_Action item_: Return the records exactly, from the first line through the "a list of r" line.

(Stored data entries)
(* For every positive integer $N$ and every pair of indices $\boldsymbol{k}=(k_1,\dots,k_r)$, $\boldsymbol{l}=(l_1,\dots,l_r)$ of the same depth $r\ge1$, \[ \sum_{\substack{0<m_{j,1}\le\cdots\le m_{j,l_j}<N\ (j\in[r])\\ m_{j,l_j}<m_{j+1,1}\ (j\in[r-1])}}\ \prod_{j\in[r]}\frac1{(N-m_{j,1})\cdots(N-m_{j,l_j-1})\,m_{j,l_j}^{k_j}} =\sum_{\substack{0<n_{i,1}\le\cdots\le n_{i,k_i}<N\ (i\in[r])\\ n_{i,k_i}<n_{i+1,1}\ (i\in[r-1])}}\ \prod_{i\in[r]}\frac1{(N-n_{i,1})^{l_i}\,n_{i,2}\cdots n_{i,k_i}}. \]
   Context: $[n]=\{1,\dots,n\}$. An index is a tuple of positive integers. All variables $m_{j,\cdot},n_{i,\cdot}$ range over integers; empty products equal $1$ (e.g. when $l_j=1$ the product $(N-m_{j,1})\cdots(N-m_{j,l_j-1})$ is empty, and when $k_i=1$ the product $n_{i,2}\cdots n_{i,k_i}$ is empty). *)

theory Defs
  imports Main "HOL.Real"
begin

text \<open>A configuration of summation variables for block lengths ls = (l_1,...,l_r):
  a list of r blocks, block j being the list (m_{j,1},...,m_{j,l_j}) (0-based in Isabelle),
  with 0 < m_{j,1} <= ... <= m_{j,l_j} < N and m_{j,l_j} < m_{j+1,1}.\<close>

definition admissible :: "nat \<Rightarrow> nat list \<Rightarrow> nat list list \<Rightarrow> bool" where
  "admissible N ls ms \<longleftrightarrow>
     length ms = length ls \<and>
     (\<forall>j<length ms. length (ms!j) = ls!j) \<and>
     (\<forall>j<length ms. \<forall>a<length (ms!j). 0 < ms!j!a \<and> ms!j!a < N) \<and>
     (\<forall>j<length ms. \<forall>a. a + 1 < length (ms!j) \<longrightarrow> ms!j!a \<le> ms!j!(a+1)) \<and>
     (\<forall>j. j + 1 < length ms \<longrightarrow> ms!j!(length (ms!j) - 1) < ms!(j+1)!0)"

definition lhs_term :: "nat \<Rightarrow> nat list \<Rightarrow> nat list \<Rightarrow> nat list list \<Rightarrow> real" where
  "lhs_term N ks ls ms =
     (\<Prod>j<length ks. 1 / ((\<Prod>a<ls!j - 1. (real N - real (ms!j!a)))
                           * real (ms!j!(ls!j - 1)) ^ (ks!j)))"

definition rhs_term :: "nat \<Rightarrow> nat list \<Rightarrow> nat list \<Rightarrow> nat list list \<Rightarrow> real" where
  "rhs_term N ks ls ns =
     (\<Prod>i<length ks. 1 / ((real N - real (ns!i!0)) ^ (ls!i)
                           * (\<Prod>a\<in>{1..<ks!i}. real (ns!i!a))))"

end

theory Submission
  imports Defs
begin

(*
  The proof follows the connected-sum method.  Summing the blocks of the left-hand side one at a
  time writes it as  sum_mu (B(k_r,l_r) o ... o B(k_1,l_1)) delta_0 (mu),  where delta_0 is the
  indicator of 0 and the block operator B(k,l) = X^k P Y^(l-1) acts on functions on {0..N-1} by
    (P f)(mu) = f 0 + ... + f (mu - 1),   (Y f)(mu) = (f 0 + ... + f mu) / (N - 1 - mu),
    (X f)(mu) = f mu / mu
  (partial_sum, scaled_partial_sum and divide_index below).  The connector
  c(mu,pi) = C(N-1-mu, pi) / C(N-1, pi) is symmetric, equals 1 at pi = 0, and for the pairing
  <f,g> = sum_{mu,pi} f mu * g pi * c(mu,pi) two telescoping binomial sums give
  <Y f, g> = <f, X g>  and  <P f, Y g> = <f, X (P g)>.  Hence <B(k,l) f, g> = <f, B(l,k) g>, and
  moving all blocks across <-, delta_0> replaces (k, l) by (rev l, rev k).  Finally the substitution
  n -> N - n, which reverses the order of the blocks and of the entries in each block, identifies
  the right-hand side with the left-hand side for (rev l, rev k).
*)

section \<open>The connector\<close>

definition connector :: "nat \<Rightarrow> nat \<Rightarrow> nat \<Rightarrow> real" where
  "connector N \<mu> \<pi> = real ((N - 1 - \<mu>) choose \<pi>) / real ((N - 1) choose \<pi>)"

lemma connector_sym:
  assumes "\<mu> < N" "\<pi> < N"
  shows "connector N \<mu> \<pi> = connector N \<pi> \<mu>"
proof (cases "\<mu> + \<pi> < N")
  case True
  define n where "n = N - 1"
  have "(n choose \<mu>) * ((n - \<mu>) choose \<pi>) = (n choose (\<mu> + \<pi>)) * ((\<mu> + \<pi>) choose \<mu>)"
    using choose_mult[of \<mu> "\<mu> + \<pi>" n] True n_def by simp
  also have "\<dots> = (n choose \<pi>) * ((n - \<pi>) choose \<mu>)"
    using choose_mult[of \<pi> "\<mu> + \<pi>" n] True n_def binomial_symmetric[of \<mu> "\<mu> + \<pi>"] by simp
  finally have "real (n choose \<mu>) * real ((n - \<mu>) choose \<pi>) = real (n choose \<pi>) * real ((n - \<pi>) choose \<mu>)"
    by (metis of_nat_mult)
  moreover have "n choose \<mu> > 0" "n choose \<pi> > 0"
    using assms n_def by auto
  ultimately show ?thesis
    unfolding connector_def n_def[symmetric] by (simp add: field_simps)
next
  case False
  then show ?thesis
    using assms by (simp add: connector_def binomial_eq_0)
qed

lemma connector_Suc:
  "real (N - 1 - \<mu>) * connector N (Suc \<mu>) \<pi> = (real (N - 1 - \<mu>) - real \<pi>) * connector N \<mu> \<pi>"
proof -
  define n where "n = N - 1 - \<mu>"
  have "N - 1 - Suc \<mu> = n - 1"
    by (simp add: n_def)
  moreover have "real n * real ((n - 1) choose \<pi>) = (real n - real \<pi>) * real (n choose \<pi>)"
  proof (cases "\<pi> \<le> n")
    case True
    then show ?thesis
      using binomial_absorb_comp[of n \<pi>] by (metis of_nat_diff of_nat_mult)
  next
    case False
    then show ?thesis by (simp add: binomial_eq_0)
  qed
  ultimately show ?thesis
    unfolding connector_def n_def[symmetric] by (simp only: times_divide_eq_right)
qed

lemma connector_last: "0 < \<pi> \<Longrightarrow> connector N (N - 1) \<pi> = 0"
  by (simp add: connector_def)

lemma sum_connector_div:
  assumes "0 < \<pi>"
  shows "(\<Sum>\<mu>\<in>{\<rho>..<N - 1}. connector N \<mu> \<pi> / real (N - 1 - \<mu>)) = connector N \<rho> \<pi> / real \<pi>"
proof (cases "\<rho> < N - 1")
  case True
  have "(\<Sum>\<mu>\<in>{\<rho>..<N - 1}. connector N \<mu> \<pi> / real (N - 1 - \<mu>))
      = (\<Sum>\<mu>\<in>{\<rho>..<N - 1}. connector N \<mu> \<pi> - connector N (Suc \<mu>) \<pi>) / real \<pi>"
    unfolding sum_divide_distrib
  proof (rule sum.cong[OF refl])
    fix \<mu> assume "\<mu> \<in> {\<rho>..<N - 1}"
    then have "real (N - 1 - \<mu>) \<noteq> 0" by auto
    with connector_Suc[of N \<mu> \<pi>] assms
    show "connector N \<mu> \<pi> / real (N - 1 - \<mu>) = (connector N \<mu> \<pi> - connector N (Suc \<mu>) \<pi>) / real \<pi>"
      by (simp add: field_simps)
  qed
  also have "\<dots> = connector N \<rho> \<pi> / real \<pi>"
    using sum_Suc_diff'[of \<rho> "N - 1" "\<lambda>\<mu>. - connector N \<mu> \<pi>"] True connector_last[OF assms, of N]
    by simp
  finally show ?thesis .
next
  case False
  then show ?thesis using assms by (simp add: connector_def)
qed

lemma sum_connector_greater:
  assumes "\<pi> + 2 \<le> N"
  shows "(\<Sum>\<mu>\<in>{\<rho><..<N}. connector N \<mu> \<pi>)
       = connector N \<rho> (Suc \<pi>) * real (N - 1 - \<pi>) / real (Suc \<pi>)"
proof -
  have "(\<Sum>\<mu>\<in>{\<rho><..<N}. (N - 1 - \<mu>) choose \<pi>) = (\<Sum>j<N - 1 - \<rho>. j choose \<pi>)"
    by (rule sum.reindex_bij_witness[where i="\<lambda>j. N - 1 - j" and j="\<lambda>\<mu>. N - 1 - \<mu>"]) auto
  also have "\<dots> = (N - 1 - \<rho>) choose Suc \<pi>"
    by (cases "N - 1 - \<rho>") (simp_all add: lessThan_Suc_atMost sum_choose_upper)
  finally have hockey: "(\<Sum>\<mu>\<in>{\<rho><..<N}. real ((N - 1 - \<mu>) choose \<pi>)) = real ((N - 1 - \<rho>) choose Suc \<pi>)"
    by (simp flip: of_nat_sum)
  have absorb: "real (Suc \<pi>) * real ((N - 1) choose Suc \<pi>) = real (N - 1 - \<pi>) * real ((N - 1) choose \<pi>)"
    by (simp only: of_nat_mult[symmetric] binomial_absorption binomial_absorb_comp)
  have rescale: "a / d0 = a / d1 * x / s" if "s * d1 = x * d0" "x \<noteq> 0" for a d0 d1 x s :: real
  proof -
    have "a / d1 * x / s = a * x / (s * d1)" by simp
    also have "\<dots> = a / d0" using that by simp
    finally show ?thesis ..
  qed
  have "(\<Sum>\<mu>\<in>{\<rho><..<N}. connector N \<mu> \<pi>) = real ((N - 1 - \<rho>) choose Suc \<pi>) / real ((N - 1) choose \<pi>)"
    unfolding connector_def sum_divide_distrib[symmetric] hockey ..
  also have "\<dots> = connector N \<rho> (Suc \<pi>) * real (N - 1 - \<pi>) / real (Suc \<pi>)"
    unfolding connector_def by (rule rescale[OF absorb]) (use assms in simp)
  finally show ?thesis .
qed

section \<open>Duality of the block operators\<close>

definition partial_sum :: "(nat \<Rightarrow> real) \<Rightarrow> nat \<Rightarrow> real" where
  "partial_sum f \<mu> = (\<Sum>\<rho><\<mu>. f \<rho>)"

text \<open>At \<open>\<mu> = N - 1\<close> the division by zero gives \<open>0\<close>, so this term drops out of every
  sum over \<open>\<mu> < N\<close>.\<close>

definition scaled_partial_sum :: "nat \<Rightarrow> (nat \<Rightarrow> real) \<Rightarrow> nat \<Rightarrow> real" where
  "scaled_partial_sum N f \<mu> = partial_sum f (Suc \<mu>) / real (N - 1 - \<mu>)"

definition divide_index :: "nat \<Rightarrow> (nat \<Rightarrow> real) \<Rightarrow> nat \<Rightarrow> real" where
  "divide_index k f \<mu> = f \<mu> / real \<mu> ^ k"

definition tail_sum :: "nat \<Rightarrow> (nat \<Rightarrow> real) \<Rightarrow> nat \<Rightarrow> real" where
  "tail_sum N h \<rho> = (\<Sum>\<mu>\<in>{\<rho><..<N}. h \<mu>)"

definition scaled_tail_sum :: "nat \<Rightarrow> (nat \<Rightarrow> real) \<Rightarrow> nat \<Rightarrow> real" where
  "scaled_tail_sum N h \<rho> = (\<Sum>\<mu>\<in>{\<rho>..<N - 1}. h \<mu> / real (N - 1 - \<mu>))"

lemma sum_swap_less:
  fixes F :: "nat \<Rightarrow> nat \<Rightarrow> 'a::comm_monoid_add"
  shows "(\<Sum>\<mu><N. \<Sum>\<rho><\<mu>. F \<rho> \<mu>) = (\<Sum>\<rho><N. \<Sum>\<mu>\<in>{\<rho><..<N}. F \<rho> \<mu>)"
proof -
  have "(\<Sum>\<mu><N. \<Sum>\<rho><\<mu>. F \<rho> \<mu>) = (\<Sum>\<mu><N. \<Sum>\<rho>\<in>{\<rho>. \<rho> \<in> {..<N} \<and> \<rho> < \<mu>}. F \<rho> \<mu>)"
    by (intro sum.cong) auto
  also have "\<dots> = (\<Sum>\<rho><N. \<Sum>\<mu>\<in>{\<mu>. \<mu> \<in> {..<N} \<and> \<rho> < \<mu>}. F \<rho> \<mu>)"
    by (rule sum.swap_restrict) auto
  also have "\<dots> = (\<Sum>\<rho><N. \<Sum>\<mu>\<in>{\<rho><..<N}. F \<rho> \<mu>)"
    by (intro sum.cong) auto
  finally show ?thesis .
qed

lemma sum_swap_less_eq:
  fixes F :: "nat \<Rightarrow> nat \<Rightarrow> 'a::comm_monoid_add"
  shows "(\<Sum>\<mu><N. \<Sum>\<rho>\<le>\<mu>. F \<rho> \<mu>) = (\<Sum>\<rho><N. \<Sum>\<mu>\<in>{\<rho>..<N}. F \<rho> \<mu>)"
proof -
  have "(\<Sum>\<mu><N. \<Sum>\<rho>\<le>\<mu>. F \<rho> \<mu>) = (\<Sum>\<mu><N. \<Sum>\<rho>\<in>{\<rho>. \<rho> \<in> {..<N} \<and> \<rho> \<le> \<mu>}. F \<rho> \<mu>)"
    by (intro sum.cong) auto
  also have "\<dots> = (\<Sum>\<rho><N. \<Sum>\<mu>\<in>{\<mu>. \<mu> \<in> {..<N} \<and> \<rho> \<le> \<mu>}. F \<rho> \<mu>)"
    by (rule sum.swap_restrict) auto
  also have "\<dots> = (\<Sum>\<rho><N. \<Sum>\<mu>\<in>{\<rho>..<N}. F \<rho> \<mu>)"
    by (intro sum.cong) auto
  finally show ?thesis .
qed

lemma sum_partial_sum_mult:
  "(\<Sum>\<mu><N. partial_sum f \<mu> * h \<mu>) = (\<Sum>\<rho><N. f \<rho> * tail_sum N h \<rho>)"
  unfolding partial_sum_def tail_sum_def sum_distrib_left sum_distrib_right
  by (rule sum_swap_less)

lemma sum_scaled_partial_sum_mult:
  "(\<Sum>\<mu><N. scaled_partial_sum N f \<mu> * h \<mu>) = (\<Sum>\<rho><N. f \<rho> * scaled_tail_sum N h \<rho>)"
proof -
  have "(\<Sum>\<mu><N. scaled_partial_sum N f \<mu> * h \<mu>) = (\<Sum>\<mu><N. \<Sum>\<rho>\<le>\<mu>. f \<rho> * (h \<mu> / real (N - 1 - \<mu>)))"
    by (simp add: scaled_partial_sum_def partial_sum_def lessThan_Suc_atMost sum_distrib_right sum_divide_distrib)
  also have "\<dots> = (\<Sum>\<rho><N. f \<rho> * (\<Sum>\<mu>\<in>{\<rho>..<N}. h \<mu> / real (N - 1 - \<mu>)))"
    by (simp add: sum_swap_less_eq sum_distrib_left)
  also have "\<dots> = (\<Sum>\<rho><N. f \<rho> * scaled_tail_sum N h \<rho>)"
  proof (rule sum.cong[OF refl])
    fix \<rho> assume "\<rho> \<in> {..<N}"
    then have "{\<rho>..<N} = insert (N - 1) {\<rho>..<N - 1}"
      by auto
    then show "f \<rho> * (\<Sum>\<mu>\<in>{\<rho>..<N}. h \<mu> / real (N - 1 - \<mu>)) = f \<rho> * scaled_tail_sum N h \<rho>"
      by (simp add: scaled_tail_sum_def)
  qed
  finally show ?thesis .
qed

_Solution to the problem_:
(* For every positive integer $N$ and every pair of indices $\boldsymbol{k}=(k_1,\dots,k_r)$, $\boldsymbol{l}=(l_1,\dots,l_r)$ of the same depth $r\ge1$, \[ \sum_{\substack{0<m_{j,1}\le\cdots\le m_{j,l_j}<N\ (j\in[r])\\ m_{j,l_j}<m_{j+1,1}\ (j\in[r-1])}}\ \prod_{j\in[r]}\frac1{(N-m_{j,1})\cdots(N-m_{j,l_j-1})\,m_{j,l_j}^{k_j}} =\sum_{\substack{0<n_{i,1}\le\cdots\le n_{i,k_i}<N\ (i\in[r])\\ n_{i,k_i}<n_{i+1,1}\ (i\in[r-1])}}\ \prod_{i\in[r]}\frac1{(N-n_{i,1})^{l_i}\,n_{i,2}\cdots n_{i,k_i}}. \]
   Context: $[n]=\{1,\dots,n\}$. An index is a tuple of positive integers. All variables $m_{j,\cdot},n_{i,\cdot}$ range over integers; empty products equal $1$ (e.g. when $l_j=1$ the product $(N-m_{j,1})\cdots(N-m_{j,l_j-1})$ is empty, and when $k_i=1$ the product $n_{i,2}\cdots n_{i,k_i}$ is empty). *)

theory Defs
  imports Main "HOL.Real"
begin

text \<open>A configuration of summation variables for block lengths ls = (l_1,...,l_r):
  a list of r blocks, block j being the list (m_{j,1},...,m_{j,l_j}) (0-based in Isabelle),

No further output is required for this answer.